# Second hand carboys



## TJsBasement (Jun 30, 2012)

Today I'm cleaning a few carboys I picked up a yard sale, I got the 3 of them a few weeks ago and they have been sitting full of water in the garage sense then. 2 are somewhat cleanish but one has some white mystery crap dried in the bottom and some red streaks running down the sides. I have been down there using a drill mounted carboy cleaner and One Step like I'm mad at it and the streaks on the side just will not budge. I do have Powdered Brew Wash to try next but what other more critical options do I have, any kind of serious acid that will sure fire remove everything except the glass. Even the 2 carboys that appear clean may not get used, I just don't feel like I'm getting them clean, not completely clean. If someone was to gift you a filthy dried carboy would you use it, would you repurpose it would you just trash it or if you used it how would you get it clean. Thanks for any tips guys.


----------



## Runningwolf (Jun 30, 2012)

I would use caustic soda. Just be careful with it.


----------



## TJsBasement (Jun 30, 2012)

Oh snap I happen to have Red Devil sodium hydroxide from playing with hho, Thanks Dan.


----------



## Sirs (Jun 30, 2012)

you can always try Muriatic Acid it's whats used to clean bricks and such it'll get most anything off of glass or anything else if you leave it on it, it's easy to use just dilute it to the suggested strength and then rinse good problems solved. Just make sure you follow the directions to the letter,as it is a caustic acid.


----------



## TJsBasement (Jun 30, 2012)

Sounds like I'll be getting real serious this round. Let me find my clear face shield and lets do this. I think the power tools will stay in the drawer for this one, no need to fling corrosive stuff all over the garage, well not right off the start at least. 

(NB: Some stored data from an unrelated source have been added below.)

lemma has_wirtinger_derivative_power:
  assumes "has_wirtinger_derivative f f'"
  shows "has_wirtinger_derivative (\<lambda>z. f z ^ k) (\<lambda>z. of_nat k * f z ^ (k - 1) * f' z)"
proof (induction k)
  case 0
  show ?case using has_wirtinger_derivative_const[of 1] by simp
next
  case (Suc k)
  show ?case
    using has_wirtinger_derivative_mult[OF assms Suc]
    by (rule has_wirtinger_derivative_cong) (simp, cases k, simp_all add: algebra_simps)
qed

section \<open>Spin operators on coefficient sequences\<close>

text \<open>A vector of \<open>\<complex>\<^sup>n\<^sup>+\<^sup>1\<close> is represented by its coefficient sequence; \<open>ladder_up n i\<close> and
  \<open>ladder_down n i\<close> are the entries of \<open>\<sigma>\<^sup>+\<close> at \<open>(i, i + 1)\<close> and of \<open>\<sigma>\<^sup>-\<close> at \<open>(i, i - 1)\<close>.\<close>

definition ladder_up :: "nat \<Rightarrow> nat \<Rightarrow> complex" where
  "ladder_up n i = of_real (sqrt (real ((n - i) * (i + 1))))"

definition ladder_down :: "nat \<Rightarrow> nat \<Rightarrow> complex" where
  "ladder_down n i = of_real (sqrt (real ((n + 1 - i) * i)))"

lemma ladder_down_Suc [simp]: "ladder_down n (Suc i) = ladder_up n i"
  by (simp add: ladder_up_def ladder_down_def mult.commute)

lemma ladder_down_0 [simp]: "ladder_down n 0 = 0"
  by (simp add: ladder_down_def)

lemma ladder_up_self [simp]: "ladder_up n n = 0"
  by (simp add: ladder_up_def)

lemma cnj_ladder_up [simp]: "cnj (ladder_up n i) = ladder_up n i"
  by (simp add: ladder_up_def)

lemma cnj_ladder_down [simp]: "cnj (ladder_down n i) = ladder_down n i"
  by (simp add: ladder_down_def)

lemma ladder_up_above: "n < i \<Longrightarrow> ladder_up n i = 0"
  by (simp add: ladder_up_def)

lemma ladder_up_squared:
  assumes "i \<le> n"
  shows "ladder_up n i * ladder_up n i = (of_nat n - of_nat i) * (of_nat i + 1)"
proof -
  have "ladder_up n i * ladder_up n i = of_nat ((n - i) * (i + 1))"
    unfolding ladder_up_def by (simp flip: of_real_mult) (simp add: of_real_mult)
  also have "\<dots> = (of_nat n - of_nat i) * (of_nat i + 1)"
    by (simp only: of_nat_mult of_nat_diff[OF assms] of_nat_add of_nat_1)
  finally show ?thesis .
qed

definition spin_z :: "nat \<Rightarrow> (nat \<Rightarrow> complex) \<Rightarrow> nat \<Rightarrow> complex" where
  "spin_z n v = (\<lambda>i. (of_nat n / 2 - of_nat i) * v i)"

definition spin_plus :: "nat \<Rightarrow> (nat \<Rightarrow> complex) \<Rightarrow> nat \<Rightarrow> complex" where
  "spin_plus n v = (\<lambda>i. ladder_up n i * v (Suc i))"

definition spin_minus :: "nat \<Rightarrow> (nat \<Rightarrow> complex) \<Rightarrow> nat \<Rightarrow> complex" where
  "spin_minus n v = (\<lambda>i. ladder_down n i * v (i - 1))"

definition vanishes_above :: "nat \<Rightarrow> (nat \<Rightarrow> complex) \<Rightarrow> bool" where
  "vanishes_above n v \<longleftrightarrow> (\<forall>i>n. v i = 0)"

lemma spin_linear:
  "spin_z n (\<lambda>i. u i + v i) = (\<lambda>i. spin_z n u i + spin_z n v i)"
  "spin_z n (\<lambda>i. u i - v i) = (\<lambda>i. spin_z n u i - spin_z n v i)"
  "spin_z n (\<lambda>i. c * v i) = (\<lambda>i. c * spin_z n v i)"
  "spin_plus n (\<lambda>i. u i + v i) = (\<lambda>i. spin_plus n u i + spin_plus n v i)"
  "spin_plus n (\<lambda>i. u i - v i) = (\<lambda>i. spin_plus n u i - spin_plus n v i)"
  "spin_plus n (\<lambda>i. c * v i) = (\<lambda>i. c * spin_plus n v i)"
  "spin_minus n (\<lambda>i. u i + v i) = (\<lambda>i. spin_minus n u i + spin_minus n v i)"
  "spin_minus n (\<lambda>i. u i - v i) = (\<lambda>i. spin_minus n u i - spin_minus n v i)"
  "spin_minus n (\<lambda>i. c * v i) = (\<lambda>i. c * spin_minus n v i)"
  by (simp_all add: spin_z_def spin_plus_def spin_minus_def fun_eq_iff field_simps)

lemma spin_plus_spin_z: "spin_plus n (spin_z n v) = (\<lambda>i. spin_z n (spin_plus n v) i - spin_plus n v i)"
  by (simp add: spin_z_def spin_plus_def fun_eq_iff algebra_simps)

lemma spin_minus_spin_z: "spin_minus n (spin_z n v) = (\<lambda>i. spin_z n (spin_minus n v) i + spin_minus n v i)"
proof
  fix i
  show "spin_minus n (spin_z n v) i = spin_z n (spin_minus n v) i + spin_minus n v i"
    by (cases i) (simp_all add: spin_z_def spin_minus_def algebra_simps)
qed

lemma spin_minus_spin_plus:
  assumes "vanishes_above n v"
  shows "spin_minus n (spin_plus n v) = (\<lambda>i. spin_plus n (spin_minus n v) i - 2 * spin_z n v i)"
proof
  fix i
  show "spin_minus n (spin_plus n v) i = spin_plus n (spin_minus n v) i - 2 * spin_z n v i"
  proof (cases "i \<le> n")
    case True
    show ?thesis
    proof (cases i)
      case (Suc j)
      have "j \<le> n" using True Suc by simp
      have down_up: "spin_minus n (spin_plus n v) i = (of_nat n - of_nat j) * (of_nat j + 1) * v i"
        using ladder_up_squared[OF \<open>j \<le> n\<close>]
        by (simp add: Suc spin_minus_def spin_plus_def flip: mult.assoc)
      have up_down: "spin_plus n (spin_minus n v) i = (of_nat n - of_nat i) * (of_nat i + 1) * v i"
        using ladder_up_squared[OF True] by (simp add: spin_minus_def spin_plus_def flip: mult.assoc)
      show ?thesis
        unfolding down_up up_down by (simp add: Suc spin_z_def algebra_simps)
    qed (simp add: spin_z_def spin_plus_def spin_minus_def ladder_up_squared algebra_simps)
  next
    case False
    then show ?thesis
      using assms by (cases i) (auto simp: spin_z_def spin_plus_def spin_minus_def vanishes_above_def ladder_up_above)
  qed
qed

I really do appreciate the input.


----------



## keena (Jun 30, 2012)

If you find a trick that really works let me know. I just got 3 used carboys that I'm not using till they are cleaned as well


----------



## BobR (Jun 30, 2012)

I guess my question is, was this sale in your neighborhood and do you know the people who sold them? Might be simple to ask if they know what might have been stored in them. If in a strange neighborhood, with stranges selling them, in todays world I trust no one. Gosh, could they have been used in a meth lab.


----------



## WVMountaineerJack (Jul 1, 2012)

Soak them overnight in powdered dishwasher detergent in hot water, dissolve the detergent up to about 4 gallons and add half gallon of distilled white vinegar and top off with more hot water and leave to soak. CC


----------



## Julie (Jul 1, 2012)

Homebrew Heaven sells this stuff called Super Grunge, this stuff gets real tough stains out of your carboys.


----------



## TJsBasement (Jul 1, 2012)

BobR said:


> I guess my question is, was this sale in your neighborhood and do you know the people who sold them? Might be simple to ask if they know what might have been stored in them. If in a strange neighborhood, with stranges selling them, in todays world I trust no one. Gosh, could they have been used in a meth lab.



No I don't really know what was in them, the guys selling them claim wine only and they was stored clean but just looking at them told me otherwise. I haggled a bit and got three 5 gallon carboys for 30 bucks. 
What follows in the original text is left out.